The Dangerous Waters of Sales and Use Tax

Tuesday, October 26, 2010 by Bose McKinney & Evans LLP

The Indiana Supreme Court held that a contribution by a parent corporation to the capital of its subsidiary is not automatically excluded from the Indiana sales and use tax. Instead, the Court looked at whether consideration was given for the capital contribution. If the contribution was made with consideration, then there was a retail sale, and thus, Indiana sales or use tax would be imposed.

In Indiana Department of State Revenue v. Belterra Resort Indiana, LLC, Case No. 49S10-1010-TA-519, Pinnacle Entertainment, Inc. had a riverboat casino manufactured. It bought the riverboat in Alabama for $34,689,719.00 and, in exchange, received title and possession of the riverboat. Pinnacle paid no Alabama sales tax on this transaction. The next day, while in the international waters off the Gulf of Mexico, Pinnacle transferred title and possession of the riverboat to Belterra Resort Indiana, LLC. Prior to the transfer, Pinnacle owned a 97% interest in Belterra. A couple days after the transfer, Pinnacle subsequently obtained the remaining 3%. This gave Pinnacle 100% ownership of Belterra, its subsidiary. Afterwards, the riverboat floated to its new home in Indiana. In 2002, the Indiana Department of Revenue conducted a sales and use tax audit of Belterra. It issued a use tax assessment against Belterra in the amount of $1,869,783.00 plus penalty and interest. Both parties later filed cross motions for summary judgment, and after a hearing, the Tax Court granted Belterra’s motion and denied the Department’s. Thereafter, the Indiana Supreme Court granted review.
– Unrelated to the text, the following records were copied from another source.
(* Let $r$ be a prime power, $q=r^2$, and let $M$ be a positive integer with $M\mid(r+1)$. If there exist Hermitian self-orthogonal linear codes over $\mathbb{F}_q$ with parameters $[m,k_1,d_1]_q,[m,k_2,d_2]_q,\dots,[m,k_M,d_M]_q$, then there exists a Hermitian self-orthogonal linear code over $\mathbb{F}_q$ with parameters $[Mm,k_1+k_2+\cdots+k_M,d]_q$ where $d\ge\min\{Md_1,(M-1)d_2,\dots,d_M\}$ (i.e., $d\ge\min_{1\le i\le M}(M-i+1)d_i$).
   Context: For $a\in\mathbb{F}_q$, $\overline{a}:=a^r$. The Hermitian inner product on $\mathbb{F}_q^n$ is $\langle u,v\rangle_H=\sum_i u_i\overline{v_i}$; a linear code $C$ is Hermitian self-orthogonal if $C\subseteq C^{\perp_H}$. A code with parameters $[n,k,d]_q$ is a linear code of length $n$, dimension $k$ and minimum Hamming weight $d$ over $\mathbb{F}_q$. *)

theory Defs
  imports "HOL-Analysis.Analysis" "HOL-Computational_Algebra.Primes" "HOL-Library.Function_Algebras"
begin

text \<open>Vectors of length n over a field are modelled as functions nat => 'a
  vanishing outside {0..<n}; scalar multiplication is componentwise.\<close>

definition vscale :: "'a::field \<Rightarrow> (nat \<Rightarrow> 'a) \<Rightarrow> (nat \<Rightarrow> 'a)" where
  "vscale c v = (\<lambda>i. c * v i)"

definition linear_code :: "nat \<Rightarrow> (nat \<Rightarrow> 'a::field) set \<Rightarrow> bool" where
  "linear_code n C \<longleftrightarrow> module.subspace vscale C \<and> (\<forall>v\<in>C. \<forall>i\<ge>n. v i = 0)"

definition code_dim :: "(nat \<Rightarrow> 'a::field) set \<Rightarrow> nat" where
  "code_dim C = vector_space.dim vscale C"

definition hamming_wt :: "nat \<Rightarrow> (nat \<Rightarrow> 'a::zero) \<Rightarrow> nat" where
  "hamming_wt n v = card {i. i < n \<and> v i \<noteq> 0}"

text \<open>Minimum distance = minimum weight of a nonzero codeword (0 for the zero code).\<close>
definition min_dist :: "nat \<Rightarrow> (nat \<Rightarrow> 'a::zero) set \<Rightarrow> nat" where
  "min_dist n C = Inf {hamming_wt n v | v. v \<in> C \<and> v \<noteq> 0}"

text \<open>Conjugation a |-> a^r and the Hermitian inner product.\<close>
definition herm_ip :: "nat \<Rightarrow> nat \<Rightarrow> (nat \<Rightarrow> 'a::field) \<Rightarrow> (nat \<Rightarrow> 'a) \<Rightarrow> 'a" where
  "herm_ip r n u v = (\<Sum>i<n. u i * (v i) ^ r)"

definition herm_self_orth :: "nat \<Rightarrow> nat \<Rightarrow> (nat \<Rightarrow> 'a::field) set \<Rightarrow> bool" where
  "herm_self_orth r n C \<longleftrightarrow> (\<forall>u\<in>C. \<forall>v\<in>C. herm_ip r n u v = 0)"

definition prime_power :: "nat \<Rightarrow> bool" where
  "prime_power r \<longleftrightarrow> (\<exists>p e. prime p \<and> e \<ge> 1 \<and> r = p ^ e)"

end

theory Submission
  imports Defs "HOL-Number_Theory.Residues" "HOL-Decision_Procs.Algebra_Aux"
    "HOL-Algebra.Multiplicative_Group"
begin

(* Pick w in F_q of multiplicative order M, possible as M divides r + 1, which divides q - 1,
   and take the matrix-product code [C_1, ..., C_M] A with the Vandermonde matrix
   A_ij = w^((i-1)(j-1)). Since w^r = w^-1, the rows of A are orthogonal for the Hermitian form,
   A A^H = M I, and M is a unit of F_q because it divides r + 1, which is prime to the
   characteristic. As x |-> x^r is additive, <uA, vA>_H = M * sum_i <u_i, v_i>_H, so
   self-orthogonality passes to the product code, and A is invertible, so dimensions add.
   For the distance let c_s be the last nonzero component of a codeword. For every x in the
   support of c_s, the entries in position x of the M blocks are the values of a nonzero
   polynomial of degree at most s - 1 at the distinct points w^0, ..., w^(M-1); hence at most
   s - 1 of them vanish and the codeword has weight at least (M - s + 1) wt(c_s). *)

lemma finite_field_exists_root_of_unity:
  assumes "M dvd CARD('a::{field,finite}) - 1"
  shows "\<exists>w :: 'a. \<forall>j. w ^ j = 1 \<longleftrightarrow> M dvd j"
proof -
  let ?R = "cring_class_ops :: 'a ring"
  let ?G = "mult_of ?R"
  interpret G: group ?G by (rule field.field_mult_group[OF field_class])
  have pow: "x [^]\<^bsub>?G\<^esub> n = x ^ n" for x :: 'a and n :: nat
    by (simp add: nat_pow_mult_of power_class)
  have carrier: "carrier ?G = UNIV - {0}"
    by (simp add: cring_class_ops_def)
  have fin: "finite (carrier ?G)" by simp
  have order: "order ?G = CARD('a) - 1"
    unfolding order_def carrier by (simp add: card_Diff_singleton)
  have fin_R: "finite (carrier ?R)" by (simp add: cring_class_ops_def)
  from field.finite_field_mult_group_has_gen[OF field_class fin_R]
  obtain a where a: "a \<in> carrier ?G"
    and gen: "carrier ?G = {a [^]\<^bsub>?R\<^esub> i | i. i \<in> (UNIV :: nat set)}" ..
  have "order ?G \<le> G.ord a"
  proof -
    have "carrier ?G = (\<lambda>i. a [^]\<^bsub>?G\<^esub> i) ` {0 .. G.ord a - 1}"
      using gen G.ord_elems[OF fin a] unfolding nat_pow_mult_of by auto
    then have "order ?G \<le> card {0 .. G.ord a - 1}"
      unfolding order_def by (metis card_image_le finite_atLeastAtMost)
    then show ?thesis using G.ord_ge_1[OF fin a] by simp
  qed
  then have ord_a: "G.ord a = CARD('a) - 1"
    using G.ord_le_group_order[OF fin a] order by simp
  obtain K where K: "CARD('a) - 1 = M * K" using assms by blast
  have "K \<noteq> 0" using K order G.ord_ge_1[OF fin a] ord_a by auto
  then have "G.ord (a [^]\<^bsub>?G\<^esub> K) = M"
    using G.ord_pow[OF a] ord_a K by simp
  then have "(a ^ K) ^ j = 1 \<longleftrightarrow> M dvd j" for j
    using G.pow_eq_id[OF G.nat_pow_closed[OF a], of K j] by (simp add: pow one_class)
  then show ?thesis by blast
qed

lemma CHAR_of_card_square_prime_power:
  assumes "prime_power r" and "CARD('a::{field,finite}) = r ^ 2"
  obtains e where "prime CHAR('a)" and "r = CHAR('a) ^ e" and "1 \<le> e"
proof -
  obtain p e where p: "prime p" and "1 \<le> e" and r: "r = p ^ e"
    using assms(1) unfolding prime_power_def by blast
  have "prime CHAR('a)" by (rule prime_CHAR_semidom[OF finite_imp_CHAR_pos]) simp
  moreover have "CHAR('a) dvd p ^ (e * 2)"
    using CHAR_dvd_CARD[where 'a='a] assms(2) r by (simp add: power_mult)
  ultimately have "CHAR('a) = p" using p prime_dvd_power primes_dvd_imp_eq by blast
  with that \<open>prime CHAR('a)\<close> \<open>1 \<le> e\<close> r show thesis by blast
qed

lemma of_nat_neq_0_if_dvd_CHAR_power_plus_1:
  assumes "prime CHAR('a::semiring_1)" and "r = CHAR('a) ^ e" and "1 \<le> e" and "M dvd r + 1"
  shows "(of_nat M :: 'a) \<noteq> 0"
proof
  assume "(of_nat M :: 'a) = 0"
  then have "CHAR('a) dvd r + 1" using assms(4) of_nat_eq_0_iff_char_dvd dvd_trans by blast
  moreover have "CHAR('a) dvd r" using assms(2,3) by simp
  ultimately have "CHAR('a) dvd 1" using dvd_add_right_iff[of "CHAR('a)" r 1] by blast
  then show False using assms(1) by simp
qed

lemma inj_on_power_lessThan:
  fixes w :: "'a::field"
  assumes order: "\<And>j. w ^ j = 1 \<longleftrightarrow> M dvd j"
  shows "inj_on (\<lambda>j. w ^ j) {..<M}"
proof -
  have no_collision: "w ^ i \<noteq> w ^ l" if "i < l" "l < M" for i l
  proof
    assume eq: "w ^ i = w ^ l"
    have "w ^ M = 1" using order by simp
    then have "w \<noteq> 0" using that by (auto simp: power_0_left)
    moreover have "w ^ l = w ^ i * w ^ (l - i)" using that(1) by (simp flip: power_add)
    ultimately have "w ^ (l - i) = 1" using eq by simp
    then have "M dvd l - i" using order by simp
    then show False using that by (simp add: nat_dvd_not_less)
  qed
  show ?thesis by (rule inj_onI) (metis lessThan_iff linorder_neqE_nat no_collision)
qed

lemma vector_space_vscale: "vector_space (vscale :: 'a::field \<Rightarrow> (nat \<Rightarrow> 'a) \<Rightarrow> (nat \<Rightarrow> 'a))"
  by unfold_locales (auto simp: vscale_def fun_eq_iff algebra_simps)

lemma linear_code_support: "linear_code n C \<Longrightarrow> v \<in> C \<Longrightarrow> n \<le> i \<Longrightarrow> v i = 0"
  unfolding linear_code_def by blast

lemma linear_code_finite:
  fixes C :: "(nat \<Rightarrow> 'a::{field,finite}) set"
  assumes "linear_code n C"
  shows "finite C"
proof -
  have "C \<subseteq> (\<lambda>g i. if i < n then g i else 0) ` PiE {..<n} (\<lambda>_. UNIV)"
  proof
    fix v assume "v \<in> C"
    then have "v = (\<lambda>i. if i < n then restrict v {..<n} i else 0)"
      using linear_code_support[OF assms] by (auto simp: fun_eq_iff)
    then show "v \<in> (\<lambda>g i. if i < n then g i else 0) ` PiE {..<n} (\<lambda>_. UNIV)"
      by (intro image_eqI[of _ _ "restrict v {..<n}"]) auto
  qed
  then show ?thesis by (rule finite_subset) (intro finite_imageI finite_PiE; simp)
qed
The issue before the court was whether the transfer of the riverboat from Pinnacle to Belterra was done without either side receiving consideration. In this case, Belterra submitted an affidavit in which the Board of Directors’ Resolution declared “[ ] the company hereby approves the transfer of ownership of the Riverboat Miss Belterra from Pinnacle Entertainment, Inc. to Belterra Resort Indiana, LLC as a capital contribution and without consideration being paid to Pinnacle Entertainment…”. A question of law, such as whether consideration exists, is decided by the court. To have “consideration,” one must receive a benefit to the detriment of another. A benefit is defined as a legal right given from one person to another, where the person receiving the right would not otherwise be entitled. Money is not the only benefit one can receive from consideration. To determine whether there was any benefit, the Court evaluated the transaction closely. “A transaction structured solely for the purpose of avoiding taxes with no other legitimate business purpose will be considered a sham for taxation purposes.” To analyze the companies’ motive for the transaction, the court used the “step doctrine,” which is divided into the “end results” and “interdependence” tests. The end result of Pinnacle and Belterra’s transactions appears, from the outset, to be intended to avoid paying the Indiana use tax while maintaining complete control over the riverboat. Additionally, the series of transactions were so interdependent that it is unreasonable to conclude that the whole series would have been completed if not for the purpose of avoiding the sales and use taxes. After this application, the court determined that there was consideration and treated the acquisition of the riverboat from the manufacturer as a retail transaction subject to the Indiana use tax.   Therefore, the Tax Court’s holding was reversed and summary judgment was granted in favor of the Department.